In mid-aughts New York City, nearly all the kids I knew attended Hebrew school and could recite all their Hanukkah prayers by heart and got their parents to throw them lavish bar and bat mitzvahs when they turned 13. I, on the other hand, grew up relatively faithless, attending my classmates’ entry fetes into Jewish womanhood with envy and occasionally even going to church. (Only on Christmas, and only because my mom likes the music, but still.)

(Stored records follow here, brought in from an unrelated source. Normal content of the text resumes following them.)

text \<open>Mass of the kernel lost by the discretisation: the part outside [-k, k] is controlled by the m-th
  moment, the part lost to the infimum over the cell by the local variation of \<nu>.\<close>
lemma kernel_minus_trunc_pm_le:
  assumes x: "x \<in> C i"
  shows "\<nu> (y - \<rho> * x) - indicator {- real k..real k} y * 1 * pm i y
    \<le> real k powr (- m) * (\<bar>y\<bar> powr m * \<nu> (y - \<rho> * x)) + local_var (\<bar>\<rho>\<bar> * d) (y - \<rho> * x)"
proof (cases "y \<in> {- real k..real k}")
  case True
  have "0 \<le> real k powr (- m) * (\<bar>y\<bar> powr m * \<nu> (y - \<rho> * x))" by (simp add: nu_nonneg)
  with True show ?thesis using kernel_minus_local_var_le_pm[OF x, of y] by simp
next
  case False
  then have "1 \<le> real k powr (- m) * \<bar>y\<bar> powr m"
    using k1 m by (intro one_le_powr_minus_mult_powr) auto
  from mult_right_mono[OF this nu_nonneg]
  have "\<nu> (y - \<rho> * x) \<le> real k powr (- m) * (\<bar>y\<bar> powr m * \<nu> (y - \<rho> * x))"
    by (simp add: mult.assoc)
  then show ?thesis using False local_var_nonneg by (simp add: add_increasing2)
qed

lemma one_minus_mfun_le:
  assumes x: "x \<in> C i"
  shows "1 - mf i (\<lambda>_. 1) \<le> real k powr (- m) * (drift_rate * \<bar>x\<bar> powr m + drift_const) + 2 * (\<bar>\<rho>\<bar> * d) * var_nu"
proof -
  let ?a = "\<bar>\<rho>\<bar> * d"
  have a0: "0 \<le> ?a" using dpos by simp
  have int1: "integrable lborel (\<lambda>y. indicator {- real k..real k} y * 1 * pm i y)"
    by (rule integrable_indicator_bounded_mult_pm[of "\<lambda>_. 1" 1]) auto
  have "1 - mf i (\<lambda>_. 1) = (\<integral>y. \<nu> (y - \<rho> * x) - indicator {- real k..real k} y * 1 * pm i y \<partial>lborel)"
    unfolding mfun_def using int1 integrable_nu_shift
    by (simp add: Bochner_Integration.integral_diff integral_nu_shift)
  also have "\<dots> \<le> (\<integral>y. real k powr (- m) * (\<bar>y\<bar> powr m * \<nu> (y - \<rho> * x)) + local_var ?a (y - \<rho> * x) \<partial>lborel)"
    using int1 integrable_nu_shift a0
    by (intro integral_mono kernel_minus_trunc_pm_le[OF x] Bochner_Integration.integrable_diff
        Bochner_Integration.integrable_add integrable_mult_right integrable_powr_mult_nu_shift
        integrable_local_var_shift)
  also have "\<dots> = real k powr (- m) * (\<integral>y. \<bar>y\<bar> powr m * \<nu> (y - \<rho> * x) \<partial>lborel) + 2 * ?a * var_nu"
    using a0 by (subst Bochner_Integration.integral_add)
      (auto intro!: integrable_powr_mult_nu_shift integrable_local_var_shift simp: integral_local_var_shift)
  also have "\<dots> \<le> real k powr (- m) * (drift_rate * \<bar>x\<bar> powr m + drift_const) + 2 * ?a * var_nu"
    by (intro add_right_mono mult_left_mono moment_drift) simp
  finally show ?thesis .
qed

lemma defect_le: "defect \<le> real k powr (- m) * drift_level + 2 * d * var_nu"
proof -
  define a where "a = real k powr (- m) * drift_rate"
  define b where "b = real k powr (- m) * drift_const + 2 * (\<bar>\<rho>\<bar> * d) * var_nu"
  have a0: "0 \<le> a" using drift_rate_nonneg by (simp add: a_def)
  have b0: "0 \<le> b" using drift_const_nonneg dpos var_nu_nonneg by (simp add: b_def)
  have "defect = (\<Sum>i<q. \<pi>s i * (1 - mf i (\<lambda>_. 1)))" by (rule defect_eq_sum)
  also have "\<dots> \<le> pi_hat (\<lambda>x. a * V_trunc x + b)"
  proof (rule sum_cellwise_lower_le_pi_hat)
    show "\<bar>a * V_trunc x + b\<bar> \<le> a * real k powr m + b" for x
      using V_trunc_bounded[of x] V_trunc_nonneg[of x] a0 b0 by (auto intro!: mult_left_mono)
    show "1 - mf i (\<lambda>_. 1) \<le> a * V_trunc x + b" if "i < q" "x \<in> C i" for i x
      using one_minus_mfun_le[of x i] V_trunc_on_cell[of x i] that by (simp add: a_def b_def algebra_simps)
  qed simp
  also have "\<dots> = a * pi_hat V_trunc + b" by (rule pi_hat_affine[OF V_trunc_meas V_trunc_bounded])
  also have "\<dots> \<le> a * drift_level + b" using pi_hat_V_trunc_le a0 by (simp add: mult_left_mono)
  also have "\<dots> = real k powr (- m) * (drift_rate * drift_level + drift_const) + 2 * (\<bar>\<rho>\<bar> * d) * var_nu"
    by (simp add: a_def b_def algebra_simps)
  also have "\<dots> = real k powr (- m) * drift_level + 2 * (\<bar>\<rho>\<bar> * d) * var_nu"
    by (simp only: drift_level_fixpoint)
  also have "\<dots> \<le> real k powr (- m) * drift_level + 2 * d * var_nu"
    using rho dpos var_nu_nonneg by (intro add_left_mono mult_right_mono) auto
  finally show ?thesis .
qed

lemma P_on_cell_approx:
  assumes [measurable]: "g \<in> borel_measurable borel" and b: "\<And>y. \<bar>g y\<bar> \<le> 1" and x: "x \<in> C i"
  shows "\<bar>P g x - (mf i g + (1 - mf i (\<lambda>_. 1)) * g 0)\<bar> \<le> 2 * (1 - mf i (\<lambda>_. 1))"
proof -
  let ?D = "\<lambda>y. \<nu> (y - \<rho> * x) - indicator {- real k..real k} y * 1 * pm i y"
  have int1: "integrable lborel (\<lambda>y. indicator {- real k..real k} y * 1 * pm i y)"
    by (rule integrable_indicator_bounded_mult_pm[of "\<lambda>_. 1" 1]) auto
  have intg: "integrable lborel (\<lambda>y. indicator {- real k..real k} y * g y * pm i y)"
    by (rule integrable_indicator_bounded_mult_pm[OF assms(1) b]) auto
  have Dnn: "0 \<le> ?D y" for y
    using pm_le_kernel[OF x, of y] pm_nonneg[of i y] by (auto split: split_indicator)
  have Dint: "integrable lborel ?D" using int1 integrable_nu_shift by simp
  have Dval: "(\<integral>y. ?D y \<partial>lborel) = 1 - mf i (\<lambda>_. 1)"
    unfolding mfun_def using int1 integrable_nu_shift by (simp add: Bochner_Integration.integral_diff integral_nu_shift)
  have "P g x - mf i g = (\<integral>y. g y * ?D y \<partial>lborel)"
  proof -
    have "(\<integral>y. g y * ?D y \<partial>lborel) = (\<integral>y. g y * \<nu> (y - \<rho> * x) - indicator {- real k..real k} y * g y * pm i y \<partial>lborel)"
      by (rule Bochner_Integration.integral_cong) (simp_all add: right_diff_distrib)
    also have "\<dots> = P g x - mf i g"
      unfolding P_def mfun_def by (rule Bochner_Integration.integral_diff[OF integrable_bounded_mult_nu_shift[OF assms(1) b] intg])
    finally show ?thesis by simp
  qed
  then have "\<bar>P g x - mf i g\<bar> \<le> (\<integral>y. \<bar>g y * ?D y\<bar> \<partial>lborel)" by simp
  also have "\<dots> \<le> (\<integral>y. ?D y \<partial>lborel)"
  proof (rule integral_mono'[OF Dint])
    fix y show "\<bar>g y * ?D y\<bar> \<le> ?D y"
      using b[of y] Dnn[of y] by (simp add: abs_mult mult_left_le_one_le)
    show "0 \<le> ?D y" by (rule Dnn)
  qed
  finally have 1: "\<bar>P g x - mf i g\<bar> \<le> 1 - mf i (\<lambda>_. 1)" using Dval by simp
  have 2: "\<bar>(1 - mf i (\<lambda>_. 1)) * g 0\<bar> \<le> 1 - mf i (\<lambda>_. 1)"
    using b[of 0] mfun_one_le_1[of i] by (simp add: abs_mult mult_left_le)
  have "\<bar>(P g x - mf i g) - (1 - mf i (\<lambda>_. 1)) * g 0\<bar> \<le> \<bar>P g x - mf i g\<bar> + \<bar>(1 - mf i (\<lambda>_. 1)) * g 0\<bar>"
    by (rule abs_triangle_ineq4)
  then show ?thesis using 1 2 by (simp add: algebra_simps)
qed

text \<open>One step of the chain moves pi_hat by at most twice the lost mass: P g and the discretised kernel
  agree on each cell up to 2 (1 - mf i 1).\<close>
lemma pi_hat_P_dev:
  assumes [measurable]: "g \<in> borel_measurable borel" and b: "\<And>y. \<bar>g y\<bar> \<le> 1"
  shows "\<bar>pi_hat (P g) - pi_hat g\<bar> \<le> 2 * defect"
proof -
  have Pm[measurable]: "P g \<in> borel_measurable borel" and Pb: "\<And>y. \<bar>P g y\<bar> \<le> 1"
    using P_iter_measurable_bounded_lipschitz[OF assms, of 1] by auto
  have "pi_hat g = (\<Sum>i<q. \<pi>s i * (mf i g + (1 - mf i (\<lambda>_. 1)) * g 0))"
    unfolding pi_hat_eq_sum[OF assms] defect_eq_sum
    by (simp add: distrib_left sum.distrib sum_distrib_right sum_distrib_left mult_ac)
  moreover have "2 * defect = (\<Sum>i<q. \<pi>s i * (2 * (1 - mf i (\<lambda>_. 1))))"
    unfolding defect_eq_sum sum_distrib_left by (rule sum.cong) (simp_all add: algebra_simps)
  moreover have "\<bar>pi_hat (P g) - (\<Sum>i<q. \<pi>s i * (mf i g + (1 - mf i (\<lambda>_. 1)) * g 0))\<bar>
      \<le> (\<Sum>i<q. \<pi>s i * (2 * (1 - mf i (\<lambda>_. 1))))"
    by (rule abs_pi_hat_minus_sum_le[OF Pm Pb P_on_cell_approx[OF assms]])
  ultimately show ?thesis by simp
qed

lemma pi_hat_P_iter_dev:
  assumes [measurable]: "f \<in> borel_measurable borel" and b: "\<And>y. \<bar>f y\<bar> \<le> 1"
  shows "\<bar>pi_hat ((P ^^ n) f) - pi_hat f\<bar> \<le> 2 * defect * real n"
proof (induction n)
  case (Suc n)
  have gm: "(P ^^ n) f \<in> borel_measurable borel" and gb: "\<And>y. \<bar>(P ^^ n) f y\<bar> \<le> 1"
    using P_iter_measurable_bounded_lipschitz[OF assms, of n] by auto
  from pi_hat_P_dev[OF gm gb] Suc show ?case by (simp add: algebra_simps)
qed simp

lemma pi_hat_lipschitz_dev:
  assumes [measurable]: "h \<in> borel_measurable borel" and b: "\<And>y. \<bar>h y\<bar> \<le> 1"
    and L: "\<And>x x'. \<bar>h x - h x'\<bar> \<le> L * \<bar>x - x'\<bar>" and L0: "0 \<le> L"
  shows "\<bar>pi_hat h - h 0\<bar> \<le> L * (1 + drift_level)"
proof -
  have "\<bar>pi_hat (\<lambda>x. 1 * h x + - h 0)\<bar> \<le> pi_hat (\<lambda>x. L * V_trunc x + L)"
  proof (rule abs_pi_hat_le)
    show "\<bar>1 * h y + - h 0\<bar> \<le> 2" for y using b[of y] b[of 0] by linarith
    show "\<bar>L * V_trunc y + L\<bar> \<le> L * real k powr m + L" for y
      using V_trunc_bounded[of y] V_trunc_nonneg[of y] L0 by (auto intro!: mult_left_mono)
    fix x assume "x \<in> {- real k ..< real k}"
    then have "\<bar>x\<bar> \<le> 1 + V_trunc x" using abs_le_one_plus_powr[OF m, of x] by (simp add: V_trunc_def)
    then have "L * \<bar>x - 0\<bar> \<le> L * (1 + V_trunc x)" using L0 by (simp add: mult_left_mono)
    then have "L * \<bar>x - 0\<bar> \<le> L * V_trunc x + L" by (simp add: algebra_simps)
    then show "\<bar>1 * h x + - h 0\<bar> \<le> L * V_trunc x + L" using L[of x 0] by simp
  qed simp_all
  also have "\<dots> = L * pi_hat V_trunc + L" by (rule pi_hat_affine[OF V_trunc_meas V_trunc_bounded])
  also have "\<dots> \<le> L * (1 + drift_level)"
    using pi_hat_V_trunc_le L0 by (simp add: algebra_simps mult_left_mono)
  finally show ?thesis using pi_hat_affine[OF assms(1,2), of 1 "- h 0"] by simp
qed

subsection \<open>Total variation estimate\<close>

lemma integral_p_minus_pi_hat_le:
  assumes [measurable]: "f \<in> borel_measurable borel" and b: "\<And>y. \<bar>f y\<bar> \<le> 1" and N: "1 \<le> N"
  shows "\<bar>(\<integral>y. f y * \<pp> y \<partial>lborel) - pi_hat f\<bar> \<le> 2 * defect * real N + 2 * var_nu * \<bar>\<rho>\<bar> ^ N * (p_moment1 + 1 + drift_level)"
proof -
  let ?h = "(P ^^ N) f"
  let ?L = "2 * var_nu * \<bar>\<rho>\<bar> ^ N"
  have hm: "?h \<in> borel_measurable borel" and hb: "\<And>y. \<bar>?h y\<bar> \<le> 1"
    and hl: "\<And>x x'. \<bar>?h x - ?h x'\<bar> \<le> ?L * \<bar>x - x'\<bar>"
    using P_iter_measurable_bounded_lipschitz[OF assms(1,2), of N] N by auto
  have L0: "0 \<le> ?L" using var_nu_nonneg by simp
  have invariant: "(\<integral>y. f y * \<pp> y \<partial>lborel) = (\<integral>y. ?h y * \<pp> y \<partial>lborel)"
    by (rule integral_P_iter_invariant[OF assms(1,2)])
  have p_close: "\<bar>(\<integral>y. ?h y * \<pp> y \<partial>lborel) - ?h 0\<bar> \<le> ?L * p_moment1"
    by (rule integral_p_lipschitz_dev[OF hm hb hl])
  have pi_hat_close: "\<bar>pi_hat ?h - ?h 0\<bar> \<le> ?L * (1 + drift_level)"
    by (rule pi_hat_lipschitz_dev[OF hm hb hl L0])
  have pi_hat_moves: "\<bar>pi_hat ?h - pi_hat f\<bar> \<le> 2 * defect * real N"
    by (rule pi_hat_P_iter_dev[OF assms(1,2)])
  have "\<bar>(\<integral>y. f y * \<pp> y \<partial>lborel) - pi_hat f\<bar> \<le> ?L * p_moment1 + ?L * (1 + drift_level) + 2 * defect * real N"
    using invariant p_close pi_hat_close pi_hat_moves by linarith
  then show ?thesis by (simp add: algebra_simps)
qed

lemma abs_dev_le_tv_dist:
  assumes [measurable]: "f \<in> borel_measurable borel" and b: "\<And>y. \<bar>f y\<bar> \<le> 1"
  shows "\<bar>(\<integral>y. f y * \<pp> y \<partial>lborel) - pi_hat f\<bar> \<le> tv_dist \<pp> pd"
  unfolding tv_dist_def pi_hat_def[symmetric]
proof (rule cSUP_upper)
  show "f \<in> {f. f \<in> borel_measurable borel \<and> (\<forall>x. \<bar>f x\<bar> \<le> 1)}" using b by simp
  have "\<bar>(\<integral>y. g y * \<pp> y \<partial>lborel) - pi_hat g\<bar> \<le> 2 * defect + 2 * var_nu * \<bar>\<rho>\<bar> * (p_moment1 + 1 + drift_level)"
    if "g \<in> {f. f \<in> borel_measurable borel \<and> (\<forall>x. \<bar>f x\<bar> \<le> 1)}" for g
    using integral_p_minus_pi_hat_le[of g 1] that by simp
  then show "bdd_above ((\<lambda>f. \<bar>(\<integral>y. f y * \<pp> y \<partial>lborel) - pi_hat f\<bar>) `
      {f. f \<in> borel_measurable borel \<and> (\<forall>x. \<bar>f x\<bar> \<le> 1)})"
    by (rule bdd_aboveI2)
qed
lemma prox_quadratic_exists_min:
  fixes h :: "'a::euclidean_space \<Rightarrow> ereal" and c :: real and v z :: 'a
  assumes hp: "proper_fun h" and hl: "lsc_fun h" and hc: "econvex h" and lam: "lam > 0"
  defines "g \<equiv> \<lambda>u. c + inner v (u - z) + (norm (u - z))\<^sup>2 / (2 * lam)"
  shows "\<exists>x. \<forall>u. h x + ereal (g x) \<le> h u + ereal (g u)"
proof -
  define G where "G u = h u + ereal (g u)" for u
  have closed: "closed {u. G u \<le> ereal d}" for d
  proof -
    have "h u + ereal (g u) \<le> ereal d \<longleftrightarrow> h u \<le> ereal (d - g u)" for u
      by (cases "h u") (auto simp: algebra_simps)
    then have "{u. G u \<le> ereal d} = (\<lambda>u. (u, d - g u)) -` {p. h (fst p) \<le> ereal (snd p)}"
      by (auto simp: G_def)
    moreover have "closed ((\<lambda>u. (u, d - g u)) -` {p. h (fst p) \<le> ereal (snd p)})"
      using lam by (intro continuous_closed_vimage closed_epigraph hl)
        (auto simp: g_def intro!: continuous_intros)
    ultimately show ?thesis by simp
  qed
  obtain a b where ab: "\<And>x. ereal (inner a x + b) \<le> h x"
    using econvex_affine_minorant[OF hp hl hc] by blast
  obtain x1 where x1: "h x1 < \<infinity>" using hp unfolding proper_fun_def by auto
  define m where "m = real_of_ereal (h x1) + g x1"
  have Gx1: "G x1 = ereal m"
    unfolding G_def m_def by (subst proper_fun_real_of_ereal[OF hp x1]) simp
  define A where "A = 2 * lam * (m - inner a z - b - c)"
  define B where "B = 2 * lam * (norm a + norm v)"
  have "{u. G u \<le> ereal m} \<subseteq> cball z (max 1 (\<bar>A\<bar> + \<bar>B\<bar>))"
  proof
    fix u assume "u \<in> {u. G u \<le> ereal m}"
    have "ereal (inner a u + b + g u) \<le> G u"
      unfolding G_def using add_right_mono[OF ab, of u "ereal (g u)"] by simp
    also have "\<dots> \<le> ereal m" using \<open>u \<in> {u. G u \<le> ereal m}\<close> by simp
    finally have le: "inner a u + b + g u \<le> m" by simp
    define \<rho> where "\<rho> = norm (u - z)"
    have "inner a z - norm a * \<rho> \<le> inner a u" "- (norm v * \<rho>) \<le> inner v (u - z)"
      using Cauchy_Schwarz_ineq2[of a "u - z"] Cauchy_Schwarz_ineq2[of v "u - z"]
      by (simp_all add: \<rho>_def inner_diff_right abs_le_iff)
    with le have "\<rho>\<^sup>2 / (2 * lam) \<le> (m - inner a z - b - c) + norm a * \<rho> + norm v * \<rho>"
      unfolding g_def \<rho>_def[symmetric] by linarith
    then have "\<rho>\<^sup>2 \<le> ((m - inner a z - b - c) + norm a * \<rho> + norm v * \<rho>) * (2 * lam)"
      using lam by (simp add: pos_divide_le_eq)
    then have "\<rho>\<^sup>2 \<le> A + B * \<rho>"
      unfolding A_def B_def by (simp add: algebra_simps)
    then have "\<rho> \<le> max 1 (\<bar>A\<bar> + \<bar>B\<bar>)" by (rule square_le_linear_imp_le)
    then show "u \<in> cball z (max 1 (\<bar>A\<bar> + \<bar>B\<bar>))"
      unfolding \<rho>_def by (simp add: dist_norm norm_minus_commute)
  qed
  then have "bounded {u. G u \<le> ereal m}" by (rule bounded_subset[OF bounded_cball])
  from closed_sublevels_attains_min[OF closed this, of x1] Gx1 show ?thesis
    unfolding G_def by simp
qed

lemma minimizer_in_edom:
  assumes "proper_fun h" and "\<forall>u. h x + ereal (g x) \<le> h u + ereal (g u)"
  shows "x \<in> edom h"
proof -
  obtain x1 where "h x1 < \<infinity>" using assms(1) unfolding proper_fun_def by auto
  then have "h x + ereal (g x) < \<infinity>" using assms(2) le_less_trans by fastforce
  then show ?thesis unfolding edom_def by (cases "h x") auto
qed

lemma norm_midpoint_squared:
  fixes a b :: "'a::real_inner"
  shows "(norm ((1/2) *\<^sub>R (a + b)))\<^sup>2 = ((norm a)\<^sup>2 + (norm b)\<^sup>2) / 2 - (norm (a - b))\<^sup>2 / 4"
  by (simp add: power2_norm_eq_inner inner_add_left inner_add_right inner_diff_left
      inner_diff_right inner_commute algebra_simps) (simp add: field_simps)

lemma prox_quadratic_min_unique:
  fixes h :: "'a::real_inner \<Rightarrow> ereal" and c :: real and v z :: 'a
  assumes hp: "proper_fun h" and hc: "econvex h" and lam: "lam > 0"
  defines "g \<equiv> \<lambda>u. c + inner v (u - z) + (norm (u - z))\<^sup>2 / (2 * lam)"
  assumes x: "\<forall>u. h x + ereal (g x) \<le> h u + ereal (g u)"
    and y: "\<forall>u. h y + ereal (g y) \<le> h u + ereal (g u)"
  shows "x = y"
proof (rule ccontr)
  assume "x \<noteq> y"
  obtain hx hy where hx: "h x = ereal hx" and hy: "h y = ereal hy"
    using minimizer_in_edom[OF hp x] minimizer_in_edom[OF hp y] proper_fun_real_of_ereal[OF hp]
    unfolding edom_def by blast
  have eq: "hx + g x = hy + g y"
    using x y hx hy by (metis antisym plus_ereal.simps(1) ereal.inject)
  define w where "w = (1/2) *\<^sub>R (x + y)"
  have hw: "h w \<le> ereal ((1 - 1/2) * hx + 1/2 * hy)"
    using econvex_combination_le[OF hc, of x hx y hy "1/2"] hx hy
    by (simp add: w_def scaleR_add_right)
  have gw: "g w = (g x + g y) / 2 - (norm (x - y))\<^sup>2 / (8 * lam)"
  proof -
    have wz: "w - z = (1/2) *\<^sub>R ((x - z) + (y - z))"
      by (simp add: w_def algebra_simps flip: scaleR_add_left)
    have n: "(norm (w - z))\<^sup>2 = ((norm (x - z))\<^sup>2 + (norm (y - z))\<^sup>2) / 2 - (norm (x - y))\<^sup>2 / 4"
      unfolding wz using norm_midpoint_squared[of "x - z" "y - z"] by simp
    moreover have i: "inner v (w - z) = (inner v (x - z) + inner v (y - z)) / 2"
      unfolding wz by (simp add: inner_add_right)
    ultimately show ?thesis
      unfolding g_def n i using lam by (simp add: field_simps)
  qed
  have "(norm (x - y))\<^sup>2 / (8 * lam) > 0" using \<open>x \<noteq> y\<close> lam by simp
  have "h w + ereal (g w) \<le> ereal ((1 - 1/2) * hx + 1/2 * hy + g w)"
    using add_right_mono[OF hw, of "ereal (g w)"] by simp
  also have "\<dots> < h x + ereal (g x)"
    using gw eq hx \<open>(norm (x - y))\<^sup>2 / (8 * lam) > 0\<close> by (simp add: field_simps)
  finally have "h w + ereal (g w) < h x + ereal (g x)" .
  then show False using x by (meson not_le)
qed

section \<open>Acceptance of small stepsizes\<close>

lemma subgradient_oracle_riemann_bound:
  fixes F :: "'a::real_inner \<Rightarrow> real" and g :: "'a \<Rightarrow> 'a"
  assumes "convex C" and xc: "xc \<in> C" and x: "x \<in> C"
    and subgrad: "\<And>p q. p \<in> C \<Longrightarrow> q \<in> C \<Longrightarrow> F p + inner (g p) (q - p) \<le> F q"
    and g_bound: "\<And>p q. p \<in> C \<Longrightarrow> q \<in> C \<Longrightarrow> norm (g p - g q) \<le> 2 * M + L * norm (p - q)"
    and n: "0 < n"
  defines "t \<equiv> norm (x - xc)"
  shows "F x - F xc - inner (g xc) (x - xc) \<le> 2 * M * t + L / 2 * t\<^sup>2 + L * t\<^sup>2 / (2 * real n)"
proof -
  define d where "d = x - xc"
  define p where "p i = xc + (real i / real n) *\<^sub>R d" for i :: nat
  have p_in: "p i \<in> C" if "i \<le> n" for i
  proof -
    have "p i = (1 - real i / real n) *\<^sub>R xc + (real i / real n) *\<^sub>R x"
      unfolding p_def d_def by (simp add: algebra_simps)
    then show ?thesis
      using that n convexD_alt[OF \<open>convex C\<close> xc x, of "real i / real n"] by simp
  qed
  have increment: "F (p (Suc i)) - F (p i) \<le> inner (g (p (Suc i))) d / real n" if "i < n" for i
  proof -
    have "p i - p (Suc i) = - (1 / real n) *\<^sub>R d"
      unfolding p_def by (simp add: algebra_simps add_divide_distrib flip: scaleR_add_left)
    then show ?thesis
      using subgrad[OF p_in p_in, of "Suc i" i] that by (simp add: inner_diff_right)
  qed
  have g_increment_bound:
    "inner (g (p (Suc i)) - g xc) d \<le> (2 * M + L * (real (Suc i) / real n * t)) * t"
    if "i < n" for i
  proof -
    have "inner (g (p (Suc i)) - g xc) d \<le> norm (g (p (Suc i)) - g xc) * t"
      unfolding t_def d_def by (rule norm_cauchy_schwarz)
    also have "\<dots> \<le> (2 * M + L * norm (p (Suc i) - xc)) * t"
      using g_bound[OF p_in xc, of "Suc i"] that unfolding t_def by (intro mult_right_mono) auto
    also have "norm (p (Suc i) - xc) = real (Suc i) / real n * t"
      unfolding p_def t_def d_def by simp
    finally show ?thesis .
  qed
  have gauss: "(\<Sum>i<n. real (Suc i)) = real n * (real n + 1) / 2"
    by (induction n) (simp_all add: field_simps)
  have "F x - F xc = (\<Sum>i<n. F (p (Suc i)) - F (p i))"
    using sum_lessThan_telescope[of "\<lambda>i. F (p i)" n] n by (simp add: p_def d_def)
  moreover have "inner (g xc) d = (\<Sum>i<n. inner (g xc) d / real n)" using n by simp
  ultimately have "F x - F xc - inner (g xc) d
      = (\<Sum>i<n. F (p (Suc i)) - F (p i) - inner (g xc) d / real n)"
    by (simp add: sum_subtractf)
  also have "\<dots> \<le> (\<Sum>i<n. inner (g (p (Suc i)) - g xc) d / real n)"
    using increment by (intro sum_mono) (auto simp: inner_diff_left diff_divide_distrib)
  also have "\<dots> \<le> (\<Sum>i<n. (2 * M + L * (real (Suc i) / real n * t)) * t / real n)"
    using g_increment_bound by (intro sum_mono divide_right_mono) auto
  also have "\<dots> = (\<Sum>i<n. 2 * M * t / real n + (L * t\<^sup>2 / (real n)\<^sup>2) * real (Suc i))"
    by (rule sum.cong) (simp_all add: field_simps power2_eq_square)
  also have "\<dots> = real n * (2 * M * t / real n) + (L * t\<^sup>2 / (real n)\<^sup>2) * (\<Sum>i<n. real (Suc i))"
    by (simp only: sum.distrib sum_distrib_left[symmetric] sum_constant card_lessThan)
  also have "\<dots> = 2 * M * t + L / 2 * t\<^sup>2 + L * t\<^sup>2 / (2 * real n)"
    unfolding gauss using n by (simp add: field_simps power2_eq_square)
  finally show ?thesis by (simp add: d_def)
qed
theorem mainTheorem13:
  fixes J A S :: "'h::{real_inner,complete_space} \<Rightarrow>\<^sub>L 'h"
  assumes "complex_structure J"
    and "B2_contraction J A S"
  shows "P_contraction J A S 0"
proof -
  have A: "clinear_op J A" and S: "clinear_op J S" and "A o\<^sub>L S = S o\<^sub>L A"
    and ball: "spectral_set2 closed_ball2 J A S"
    using assms(2) unfolding B2_contraction_def commuting_pair_def by auto
  then have "commuting_triple J A S 0"
    by (simp add: commuting_triple_def clinear_op_def)
  moreover have "closed_ball2 \<noteq> {}"
    by (auto simp: closed_ball2_def intro!: exI[of _ 0])
  moreover have "compact (closure pentablock)"
    using bounded_pentablock by (simp add: compact_closure)
  moreover have "(\<lambda>(z1, z2). (z1, z2, 0)) ` closed_ball2 \<subseteq> closure pentablock"
    using in_closure_pentablock_if_in_closed_ball2 by auto
  ultimately show ?thesis
    unfolding P_contraction_def using spectral_set3_last_zero[OF assms(1) A S ball] by blast
qed

end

Technically, I am Jewish, in the sense that both my father’s parents are Jewish, but on my mom’s side (the one that “counts,” according to adherents of matrilineal descent), things start to get weird; my maternal grandmother was born to a Russian Jewish father and a non-Jewish Italian mother and was raised in a Catholic orphanage after both her parents died. She essentially passed as a gentile for most of her life, even marrying a textbook White Anglo-Saxon Protestant. Growing up, my mom hewed closer to the WASP side of her upbringing, while my atheist dad would still let the occasional “Oy vey is mir” fly. Every Yom Kippur, we’d go to our closest family friends’ house to break the fast we hadn’t actually kept the day before, and I was always in awe of the delectable piles of food that covered every available surface.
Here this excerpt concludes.